EXERCISE DETAILS:
Wherever the string "from" appears in the entries below, return the line that holds it.
-------- MATERIAL FOR THIS TASK --------
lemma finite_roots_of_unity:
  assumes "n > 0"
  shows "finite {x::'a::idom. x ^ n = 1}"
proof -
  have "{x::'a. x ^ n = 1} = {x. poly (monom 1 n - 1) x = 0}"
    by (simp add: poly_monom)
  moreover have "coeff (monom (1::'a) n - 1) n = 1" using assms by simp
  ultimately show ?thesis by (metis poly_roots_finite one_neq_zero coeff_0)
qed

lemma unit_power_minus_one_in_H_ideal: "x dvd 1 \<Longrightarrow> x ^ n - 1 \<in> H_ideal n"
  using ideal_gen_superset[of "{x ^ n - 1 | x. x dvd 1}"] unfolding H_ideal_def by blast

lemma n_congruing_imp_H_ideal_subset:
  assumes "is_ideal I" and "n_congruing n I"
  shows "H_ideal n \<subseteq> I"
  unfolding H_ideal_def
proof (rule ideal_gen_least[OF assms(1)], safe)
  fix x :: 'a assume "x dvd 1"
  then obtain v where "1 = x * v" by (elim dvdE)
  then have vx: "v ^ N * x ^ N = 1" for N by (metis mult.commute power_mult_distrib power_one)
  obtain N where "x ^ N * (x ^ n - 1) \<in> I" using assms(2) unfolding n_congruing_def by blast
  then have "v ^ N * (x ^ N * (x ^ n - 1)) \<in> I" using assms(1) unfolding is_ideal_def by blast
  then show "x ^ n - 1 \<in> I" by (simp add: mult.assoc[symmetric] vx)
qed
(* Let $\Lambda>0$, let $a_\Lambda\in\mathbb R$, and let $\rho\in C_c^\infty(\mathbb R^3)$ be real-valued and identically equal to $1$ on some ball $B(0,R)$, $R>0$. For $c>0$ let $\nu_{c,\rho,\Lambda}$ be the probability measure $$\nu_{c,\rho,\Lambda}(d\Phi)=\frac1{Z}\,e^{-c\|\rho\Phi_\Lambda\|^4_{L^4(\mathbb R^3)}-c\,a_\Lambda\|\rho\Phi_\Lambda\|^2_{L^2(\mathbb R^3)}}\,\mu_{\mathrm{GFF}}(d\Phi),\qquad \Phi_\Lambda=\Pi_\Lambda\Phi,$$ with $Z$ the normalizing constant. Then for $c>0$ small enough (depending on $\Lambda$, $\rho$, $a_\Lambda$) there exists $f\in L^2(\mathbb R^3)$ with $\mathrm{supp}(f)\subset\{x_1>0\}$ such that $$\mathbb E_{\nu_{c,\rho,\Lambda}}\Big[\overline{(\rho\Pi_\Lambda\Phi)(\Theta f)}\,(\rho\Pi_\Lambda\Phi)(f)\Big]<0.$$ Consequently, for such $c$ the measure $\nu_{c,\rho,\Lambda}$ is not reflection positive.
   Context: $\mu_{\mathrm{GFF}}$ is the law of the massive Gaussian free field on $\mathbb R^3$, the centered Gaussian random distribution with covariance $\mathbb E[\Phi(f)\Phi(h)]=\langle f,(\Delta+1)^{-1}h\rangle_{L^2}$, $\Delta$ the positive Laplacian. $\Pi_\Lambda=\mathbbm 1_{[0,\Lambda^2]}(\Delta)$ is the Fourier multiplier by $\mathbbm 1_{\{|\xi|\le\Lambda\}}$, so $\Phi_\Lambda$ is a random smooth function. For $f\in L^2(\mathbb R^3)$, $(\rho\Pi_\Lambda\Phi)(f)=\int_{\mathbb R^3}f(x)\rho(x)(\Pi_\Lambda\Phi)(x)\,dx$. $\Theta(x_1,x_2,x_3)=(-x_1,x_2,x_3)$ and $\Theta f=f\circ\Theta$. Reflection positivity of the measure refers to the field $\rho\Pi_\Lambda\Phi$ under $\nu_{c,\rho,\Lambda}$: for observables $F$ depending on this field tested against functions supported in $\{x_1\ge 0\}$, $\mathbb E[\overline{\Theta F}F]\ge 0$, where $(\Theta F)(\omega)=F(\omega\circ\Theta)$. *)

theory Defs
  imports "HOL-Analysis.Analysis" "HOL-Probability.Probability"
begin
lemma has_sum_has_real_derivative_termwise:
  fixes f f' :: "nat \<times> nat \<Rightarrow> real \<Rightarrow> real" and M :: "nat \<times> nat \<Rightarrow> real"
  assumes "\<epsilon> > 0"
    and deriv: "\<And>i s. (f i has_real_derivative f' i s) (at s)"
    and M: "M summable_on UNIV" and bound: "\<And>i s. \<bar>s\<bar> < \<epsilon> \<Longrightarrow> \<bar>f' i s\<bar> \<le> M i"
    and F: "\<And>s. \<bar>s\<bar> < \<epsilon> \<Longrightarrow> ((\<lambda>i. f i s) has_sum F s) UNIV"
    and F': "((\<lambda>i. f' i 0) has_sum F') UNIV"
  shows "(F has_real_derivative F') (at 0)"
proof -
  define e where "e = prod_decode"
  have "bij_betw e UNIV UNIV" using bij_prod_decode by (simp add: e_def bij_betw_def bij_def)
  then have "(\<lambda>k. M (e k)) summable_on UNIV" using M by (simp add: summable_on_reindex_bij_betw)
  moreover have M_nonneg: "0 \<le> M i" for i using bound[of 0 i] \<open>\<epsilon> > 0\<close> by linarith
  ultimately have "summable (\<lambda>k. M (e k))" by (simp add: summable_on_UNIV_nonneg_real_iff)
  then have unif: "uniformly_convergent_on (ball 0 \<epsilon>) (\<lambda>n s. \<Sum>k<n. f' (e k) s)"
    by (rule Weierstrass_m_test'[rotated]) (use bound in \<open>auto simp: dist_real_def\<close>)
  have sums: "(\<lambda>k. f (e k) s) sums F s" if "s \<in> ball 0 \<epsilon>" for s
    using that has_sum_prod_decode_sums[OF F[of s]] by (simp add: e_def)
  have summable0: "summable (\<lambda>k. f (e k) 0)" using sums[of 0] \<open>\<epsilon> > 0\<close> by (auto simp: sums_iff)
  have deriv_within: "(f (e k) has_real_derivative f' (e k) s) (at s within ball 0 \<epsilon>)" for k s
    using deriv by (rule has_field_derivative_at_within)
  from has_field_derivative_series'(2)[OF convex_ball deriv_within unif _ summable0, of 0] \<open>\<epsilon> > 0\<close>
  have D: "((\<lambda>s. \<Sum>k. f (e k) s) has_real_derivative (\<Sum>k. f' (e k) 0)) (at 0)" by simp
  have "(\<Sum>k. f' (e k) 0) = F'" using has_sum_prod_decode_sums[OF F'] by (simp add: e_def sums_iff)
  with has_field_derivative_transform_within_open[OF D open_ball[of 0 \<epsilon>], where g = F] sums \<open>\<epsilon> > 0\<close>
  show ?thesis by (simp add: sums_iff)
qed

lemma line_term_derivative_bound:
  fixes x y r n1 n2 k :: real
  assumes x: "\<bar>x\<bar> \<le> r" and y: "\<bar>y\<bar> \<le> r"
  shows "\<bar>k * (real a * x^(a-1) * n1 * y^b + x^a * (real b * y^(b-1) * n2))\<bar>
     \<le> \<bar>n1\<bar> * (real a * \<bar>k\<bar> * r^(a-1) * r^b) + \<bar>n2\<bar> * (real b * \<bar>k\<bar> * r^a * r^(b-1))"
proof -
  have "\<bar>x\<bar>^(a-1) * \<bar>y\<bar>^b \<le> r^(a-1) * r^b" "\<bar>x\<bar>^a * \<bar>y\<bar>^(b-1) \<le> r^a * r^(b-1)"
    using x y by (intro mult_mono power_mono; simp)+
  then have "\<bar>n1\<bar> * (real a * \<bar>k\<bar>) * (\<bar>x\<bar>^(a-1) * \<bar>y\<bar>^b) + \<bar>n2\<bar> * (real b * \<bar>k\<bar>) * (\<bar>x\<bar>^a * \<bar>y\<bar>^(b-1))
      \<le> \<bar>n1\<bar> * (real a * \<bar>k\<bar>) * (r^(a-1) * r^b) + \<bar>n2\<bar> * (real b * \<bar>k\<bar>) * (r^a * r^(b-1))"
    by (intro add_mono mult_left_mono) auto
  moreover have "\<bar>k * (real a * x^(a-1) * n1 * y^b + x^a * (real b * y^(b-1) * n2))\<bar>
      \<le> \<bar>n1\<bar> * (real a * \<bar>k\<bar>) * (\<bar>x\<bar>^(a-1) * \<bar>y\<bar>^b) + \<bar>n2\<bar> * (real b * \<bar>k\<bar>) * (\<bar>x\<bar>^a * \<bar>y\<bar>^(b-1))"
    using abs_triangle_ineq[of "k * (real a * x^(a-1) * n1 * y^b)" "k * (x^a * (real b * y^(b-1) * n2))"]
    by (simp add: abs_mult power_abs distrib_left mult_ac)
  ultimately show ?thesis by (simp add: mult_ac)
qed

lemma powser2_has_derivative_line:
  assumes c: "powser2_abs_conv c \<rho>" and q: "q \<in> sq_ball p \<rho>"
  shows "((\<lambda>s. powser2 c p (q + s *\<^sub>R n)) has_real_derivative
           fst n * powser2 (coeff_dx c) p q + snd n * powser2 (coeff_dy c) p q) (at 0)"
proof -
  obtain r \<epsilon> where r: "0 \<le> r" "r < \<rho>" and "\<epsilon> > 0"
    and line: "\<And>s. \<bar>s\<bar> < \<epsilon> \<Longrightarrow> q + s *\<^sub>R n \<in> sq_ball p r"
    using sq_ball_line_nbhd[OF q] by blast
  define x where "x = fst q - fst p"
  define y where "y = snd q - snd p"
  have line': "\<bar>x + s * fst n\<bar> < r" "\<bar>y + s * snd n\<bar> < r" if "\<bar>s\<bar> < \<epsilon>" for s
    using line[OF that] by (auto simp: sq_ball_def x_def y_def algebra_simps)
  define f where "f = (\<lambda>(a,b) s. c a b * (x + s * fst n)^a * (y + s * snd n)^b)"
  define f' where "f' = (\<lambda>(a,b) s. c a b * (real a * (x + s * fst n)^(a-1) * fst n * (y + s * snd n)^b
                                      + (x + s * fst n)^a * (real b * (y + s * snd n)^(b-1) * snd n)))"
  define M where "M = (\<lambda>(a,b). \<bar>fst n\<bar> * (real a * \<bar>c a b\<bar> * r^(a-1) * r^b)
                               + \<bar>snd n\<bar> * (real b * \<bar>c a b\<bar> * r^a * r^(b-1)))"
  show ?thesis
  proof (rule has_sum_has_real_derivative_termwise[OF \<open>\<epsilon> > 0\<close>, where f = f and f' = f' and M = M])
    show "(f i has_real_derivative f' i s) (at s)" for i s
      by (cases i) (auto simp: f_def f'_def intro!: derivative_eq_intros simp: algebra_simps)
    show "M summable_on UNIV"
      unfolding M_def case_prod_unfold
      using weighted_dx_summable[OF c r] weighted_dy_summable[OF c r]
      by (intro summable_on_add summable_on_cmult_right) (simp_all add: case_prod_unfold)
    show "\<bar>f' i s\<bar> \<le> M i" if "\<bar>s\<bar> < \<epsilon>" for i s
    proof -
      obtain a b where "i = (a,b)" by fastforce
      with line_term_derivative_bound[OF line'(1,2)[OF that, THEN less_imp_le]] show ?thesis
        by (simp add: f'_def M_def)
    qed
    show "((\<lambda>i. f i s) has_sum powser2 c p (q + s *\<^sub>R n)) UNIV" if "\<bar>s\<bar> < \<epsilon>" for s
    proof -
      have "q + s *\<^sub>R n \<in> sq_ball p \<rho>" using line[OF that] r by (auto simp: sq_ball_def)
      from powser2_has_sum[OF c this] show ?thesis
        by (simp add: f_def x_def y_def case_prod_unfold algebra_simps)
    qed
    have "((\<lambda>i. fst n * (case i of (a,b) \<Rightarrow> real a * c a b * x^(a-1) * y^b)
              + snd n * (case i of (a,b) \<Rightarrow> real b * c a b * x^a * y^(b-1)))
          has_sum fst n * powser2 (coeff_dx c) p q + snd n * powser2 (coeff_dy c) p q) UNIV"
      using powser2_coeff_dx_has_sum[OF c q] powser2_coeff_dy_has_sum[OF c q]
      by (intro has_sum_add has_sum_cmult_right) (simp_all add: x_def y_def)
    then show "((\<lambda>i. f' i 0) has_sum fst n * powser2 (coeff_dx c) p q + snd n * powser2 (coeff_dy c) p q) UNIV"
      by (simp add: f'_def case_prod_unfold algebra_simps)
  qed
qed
--------
REPLY:
  from has_field_derivative_series'(2)[OF convex_ball deriv_within unif _ summable0, of 0] \<open>\<epsilon> > 0\<close>
      from powser2_has_sum[OF c this] show ?thesis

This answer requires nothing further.